** EXERCISE DATA **

lemma axial_vector_half_line_curv_parabola:
  assumes H: "half_line (curv_parabola a20 a11 a02 b20 b11 b02)"
    and not_parabola: "\<not> nondeg_parabola (curv_parabola a20 a11 a02 b20 b11 b02)"
  shows "(a02,b02) \<noteq> 0" and "axial_vector (curv_parabola a20 a11 a02 b20 b11 b02) = sgn (a02,b02)"
proof -
  let ?S = "curv_parabola a20 a11 a02 b20 b11 b02"
  show c: "(a02,b02) \<noteq> 0" by (rule curv_parabola_half_line_coeffs(1)[OF H])
  obtain x0 where S: "?S = {x0 + t *\<^sub>R sgn (a02,b02) | t. t \<ge> 0}"
    using curv_parabola_eq_half_line[OF c curv_parabola_half_line_coeffs(2)[OF H], of a20 b20]
    by (elim exE)
  have unit: "norm (sgn (a02,b02)) = 1" using c by (simp add: norm_sgn)
  have "(THE v. norm v = 1 \<and> (\<exists>x0. ?S = {x0 + t *\<^sub>R v | t. t \<ge> 0})) = sgn (a02,b02)"
  proof (rule the_equality)
    show "norm (sgn (a02,b02)) = 1 \<and> (\<exists>x0. ?S = {x0 + t *\<^sub>R sgn (a02,b02) | t. t \<ge> 0})"
      using unit S by (intro conjI exI)
  next
    fix v assume "norm v = 1 \<and> (\<exists>x0. ?S = {x0 + t *\<^sub>R v | t. t \<ge> 0})"
    then obtain x1 where v: "norm v = 1" and S': "?S = {x1 + t *\<^sub>R v | t. t \<ge> 0}"
      by (elim conjE exE)
    from trans[OF S[symmetric] S'] unit v show "v = sgn (a02,b02)"
      by (rule half_line_unit_direction_unique)
  qed
  then show "axial_vector ?S = sgn (a02,b02)"
    unfolding axial_vector_def by (simp only: not_parabola if_False)
qed

lemma axial_vector_curv_parabola:
  assumes "nondeg_parabola (curv_parabola a20 a11 a02 b20 b11 b02)
           \<or> half_line (curv_parabola a20 a11 a02 b20 b11 b02)"
  shows "(a02,b02) \<noteq> 0" and "axial_vector (curv_parabola a20 a11 a02 b20 b11 b02) = sgn (a02,b02)"
  using assms axial_vector_nondeg_curv_parabola[of a20 a11 a02 b20 b11 b02]
    axial_vector_half_line_curv_parabola[of a20 a11 a02 b20 b11 b02] by blast+

theorem mainTheorem2:
  fixes a20 a11 a02 b20 b11 b02 :: real
  assumes "nondeg_parabola (curv_parabola a20 a11 a02 b20 b11 b02)
           \<or> half_line (curv_parabola a20 a11 a02 b20 b11 b02)"
  shows "axial_curvature a20 a11 a02 b20 b11 b02 =
           1 / sqrt (a02^2 + b02^2) *
           ((a20*a02 + b20*b02) - (a11*a02 + b11*b02)^2 / (a02^2 + b02^2))"
proof -
  let ?S = "curv_parabola a20 a11 a02 b20 b11 b02"
  define A where "A = a20*a02 + b20*b02"
  define B where "B = a11*a02 + b11*b02"
  define K where "K = a02^2 + b02^2"
  have K: "K > 0"
    using axial_vector_curv_parabola(1)[OF assms]
    by (auto simp: K_def zero_prod_def sum_power2_gt_zero_iff)
  have "inner (curv_eta a20 a11 a02 b20 b11 b02 y) (a02,b02) = A + 2*B*y + K*y^2" for y
    by (simp add: curv_eta_def A_def B_def K_def algebra_simps power2_eq_square)
  moreover have "norm (a02,b02) = sqrt K" by (simp add: norm_Pair K_def)
  ultimately have "inner (curv_eta a20 a11 a02 b20 b11 b02 y) (axial_vector ?S)
      = (A + 2*B*y + K*y^2) / sqrt K" for y
    unfolding axial_vector_curv_parabola(2)[OF assms] inner_sgn_right by simp
  then have "axial_curvature a20 a11 a02 b20 b11 b02 = (A - B^2/K) / sqrt K"
    unfolding axial_curvature_def Let_def using K by (simp only: the_min_quadratic real_sqrt_gt_zero)
  then show ?thesis by (simp add: A_def B_def K_def)
qed

end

** WORK ITEM **
Beginning at the top of the data, please return every line until and including the line containing "by (elim exE)", copied exactly, and nothing past it.

** RESULT **
lemma axial_vector_half_line_curv_parabola:
  assumes H: "half_line (curv_parabola a20 a11 a02 b20 b11 b02)"
    and not_parabola: "\<not> nondeg_parabola (curv_parabola a20 a11 a02 b20 b11 b02)"
  shows "(a02,b02) \<noteq> 0" and "axial_vector (curv_parabola a20 a11 a02 b20 b11 b02) = sgn (a02,b02)"
proof -
  let ?S = "curv_parabola a20 a11 a02 b20 b11 b02"
  show c: "(a02,b02) \<noteq> 0" by (rule curv_parabola_half_line_coeffs(1)[OF H])
  obtain x0 where S: "?S = {x0 + t *\<^sub>R sgn (a02,b02) | t. t \<ge> 0}"
    using curv_parabola_eq_half_line[OF c curv_parabola_half_line_coeffs(2)[OF H], of a20 b20]
    by (elim exE)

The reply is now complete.